# Is there such a thing as a stupid NT?



## malachi.holden.3 (Jul 2, 2014)

There is definitely a stereotype of all NTs being smart, being called the analysts, being able to understand complex problems with intuitive thinking or thinking intuition.

But sometimes it is hard to separate stereotype from fact. Every authoritative piece of information I've read on the matter seems to label NTs as having a relatively high intelligence level, but it how could it be possible for NTs to be inherently smart?


----------



## HAL (May 10, 2014)

Yeah, young NTs, probably most-likely introverted ones, are likely to come across as annoyingly dumbfounded and muddled when asked to take on a new task, particularly if it involves any kind of quick-thinking or dexterity. This is because we learn from intuition, and so need to experience something before we become remotely adept at it. So young, inexperience NT kids may sometimes seem to be quite dumb.


----------



## in_finite_form (Jan 7, 2014)

malachi.holden.3 said:


> There is definitely a stereotype of all NTs being smart, being called the analysts, being able to understand complex problems with intuitive thinking or thinking intuition.
> 
> But sometimes it is hard to separate stereotype from fact. Every authoritative piece of information I've read on the matter seems to label NTs as having a relatively high intelligence level, but it how could it be possible for NTs to be inherently smart?

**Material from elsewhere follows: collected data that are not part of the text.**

(* Let $1 \le s \le r$ be fixed integers and let $n \ge r$. Let $H_1, H_2, \ldots$ be independent, each uniformly distributed over the $r$-element subsets of $[n] = \{1, \ldots, n\}$. An $s$-element subset $S \subseteq [n]$ is said to be collected by time $k$ if $S \subseteq H_t$ for some $t \le k$. Let $T^{(r,s)}$ be the smallest $k$ such that all $\binom{n}{s}$ $s$-element subsets of $[n]$ have been collected by time $k$. Then, as $n \to \infty$, \[ \frac{T^{(r,s)} - \binom{n}{s}\log\binom{n}{s}\big/\binom{r}{s}}{\binom{n}{s}\big/\binom{r}{s}} \] converges weakly to a standard Gumbel distribution, i.e. the distribution with cumulative distribution function $x \mapsto e^{-e^{-x}}$.
   Context: In each round $t$ one draws $r$ distinct coupons uniformly at random (without replacement) from $[n]$, independently across rounds; all $s$-subsets of the drawn $r$-set are marked as collected. *)

theory Defs
  imports "HOL-Probability.Probability"
begin

definition r_subsets :: "nat \<Rightarrow> nat \<Rightarrow> nat set set" where
  "r_subsets n r = {A. A \<subseteq> {1..n} \<and> card A = r}"

text \<open>Given the draws H 0, ..., H (k-1) (rounds 1..k), every s-subset of [n] is collected by time k.\<close>
definition all_collected_by :: "nat \<Rightarrow> nat \<Rightarrow> nat \<Rightarrow> (nat \<Rightarrow> nat set) \<Rightarrow> bool" where
  "all_collected_by n s k H = (\<forall>S. S \<subseteq> {1..n} \<and> card S = s \<longrightarrow> (\<exists>t<k. S \<subseteq> H t))"

definition rounds_pmf :: "nat \<Rightarrow> nat \<Rightarrow> nat \<Rightarrow> (nat \<Rightarrow> nat set) pmf" where
  "rounds_pmf n r k = Pi_pmf {..<k} {} (\<lambda>_. pmf_of_set (r_subsets n r))"

definition prob_T_le :: "nat \<Rightarrow> nat \<Rightarrow> nat \<Rightarrow> nat \<Rightarrow> real" where
  "prob_T_le n r s k = measure_pmf.prob (rounds_pmf n r k) {H. all_collected_by n s k H}"

text \<open>CDF of the normalised variable (T - a_n)/b_n, with b_n = C(n,s)/C(r,s), a_n = b_n log C(n,s).
  Since T is integer valued and T \<ge> 1 (there are s-subsets), P(T \<le> y) = P(T \<le> nat (floor y)).\<close>
definition T_norm_cdf :: "nat \<Rightarrow> nat \<Rightarrow> nat \<Rightarrow> real \<Rightarrow> real" where
  "T_norm_cdf r s n x =
     (let b = real (n choose s) / real (r choose s);
          a = b * ln (real (n choose s))
      in prob_T_le n r s (nat \<lfloor>a + b * x\<rfloor>))"

definition gumbel_cdf :: "real \<Rightarrow> real" where
  "gumbel_cdf x = exp (- exp (- x))"

end

theory Submission
  imports Defs "HOL-Real_Asymp.Real_Asymp"
begin

(* Let U be the number of s-sets not yet collected after k rounds, so that P(T <= k) = P(U = 0).
  By the Bonferroni inequalities this probability lies between consecutive partial sums of
  sum_j (-1)^j E[C(U, j)], and E[C(U, j)] is the sum, over all families F of j distinct s-sets,
  of (1 - q_F)^k, where q_F is the probability that a single round covers some member of F.
  Inclusion-exclusion to second order gives j p (1 - j d) <= q_F <= j p, where p = C(r,s)/C(n,s)
  is the probability of covering a fixed s-set and d = (r-s)/(n-s); since d ln C(n,s) -> 0, at
  k = (ln C(n,s) + x)/p the j-th binomial moment tends to e^(-jx)/j!, the j-th term of the
  exponential series of exp(-e^(-x)). *)

section \<open>Bonferroni inequalities\<close>

lemma card_UN_ge_sum_minus_pairs:
  assumes "finite I" "\<And>i. i \<in> I \<Longrightarrow> finite (A i)"
  shows "(\<Sum>i\<in>I. real (card (A i))) - (\<Sum>i\<in>I. \<Sum>i'\<in>I - {i}. real (card (A i \<inter> A i')))
           \<le> real (card (\<Union>i\<in>I. A i))"
  using assms
proof (induction I rule: finite_induct)
  case empty
  then show ?case by simp
next
  case (insert a I)
  define U where "U = (\<Union>i\<in>I. A i)"
  have fin: "finite (A a)" "finite U"
    using insert by (auto simp: U_def)
  have IH: "(\<Sum>i\<in>I. real (card (A i))) - (\<Sum>i\<in>I. \<Sum>i'\<in>I - {i}. real (card (A i \<inter> A i')))
              \<le> real (card U)"
    using insert by (simp add: U_def)
  have "card (A a \<inter> U) \<le> (\<Sum>i\<in>I. card (A a \<inter> A i))"
    unfolding U_def Int_UN_distrib using card_UN_le[OF insert(1)] .
  then have overlap: "real (card (A a \<inter> U)) \<le> (\<Sum>i\<in>I. real (card (A a \<inter> A i)))"
    by (simp flip: of_nat_sum)
  have pairs: "(\<Sum>i\<in>insert a I. \<Sum>i'\<in>insert a I - {i}. real (card (A i \<inter> A i')))
      \<ge> (\<Sum>i\<in>I. real (card (A a \<inter> A i))) + (\<Sum>i\<in>I. \<Sum>i'\<in>I - {i}. real (card (A i \<inter> A i')))"
  proof -
    have "(\<Sum>i\<in>I. \<Sum>i'\<in>I - {i}. real (card (A i \<inter> A i')))
        \<le> (\<Sum>i\<in>I. \<Sum>i'\<in>insert a I - {i}. real (card (A i \<inter> A i')))"
      using insert(1) by (intro sum_mono sum_mono2) auto
    then show ?thesis
      using insert(1,2) by (simp add: insert_Diff_if)
  qed
  have "real (card (A a \<union> U)) = real (card (A a)) + real (card U) - real (card (A a \<inter> U))"
    using card_Un_Int[OF fin] by simp
  then show ?case
    using IH overlap pairs insert(1,2) by (simp add: U_def)
qed

lemma alternating_choose_partial_sum:
  "(\<Sum>j\<le>J. (-1) ^ j * real (m choose j)) = (if m = 0 then 1 else (-1) ^ J * real ((m - 1) choose J))"
proof -
  have "(\<Sum>j\<le>J. (-1) ^ j * real (m choose j)) = (-1) ^ J * (real m - 1 gchoose J)"
    using gbinomial_sum_lower_neg[of "real m" J] by (simp add: binomial_gbinomial mult.commute)
  also have "\<dots> = (if m = 0 then 1 else (-1) ^ J * real ((m - 1) choose J))"
  proof (cases "m = 0")
    case True
    have "(-1 gchoose J :: real) = (-1) ^ J * (real J gchoose J)"
      using gbinomial_negated_upper[of "-1 :: real" J] by simp
    then show ?thesis
      using True by (simp flip: binomial_gbinomial power_add mult_2)
  qed (simp add: binomial_gbinomial of_nat_diff)
  finally show ?thesis .
qed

I honestly think that being smart isn't a result of being an NT, but rather that NT is a result of being smart. So if somebody is possessed of a higher intellect, then it would be more likely that they're personality would reflect that, and through the MBTI since the four NT types are said to be intellectual, the bias would make sense. 

I basically think that smart people have a very different personality than people that aren't smart. And since having a high intelligence doesn't seem to be a common trait among **** sapiens, it would also make sense as to why the NT types, especially the INTP and ENTP, are the rarer types. (Correct me on that rarity thing if I'm wrong, I'm just going off the top of my head)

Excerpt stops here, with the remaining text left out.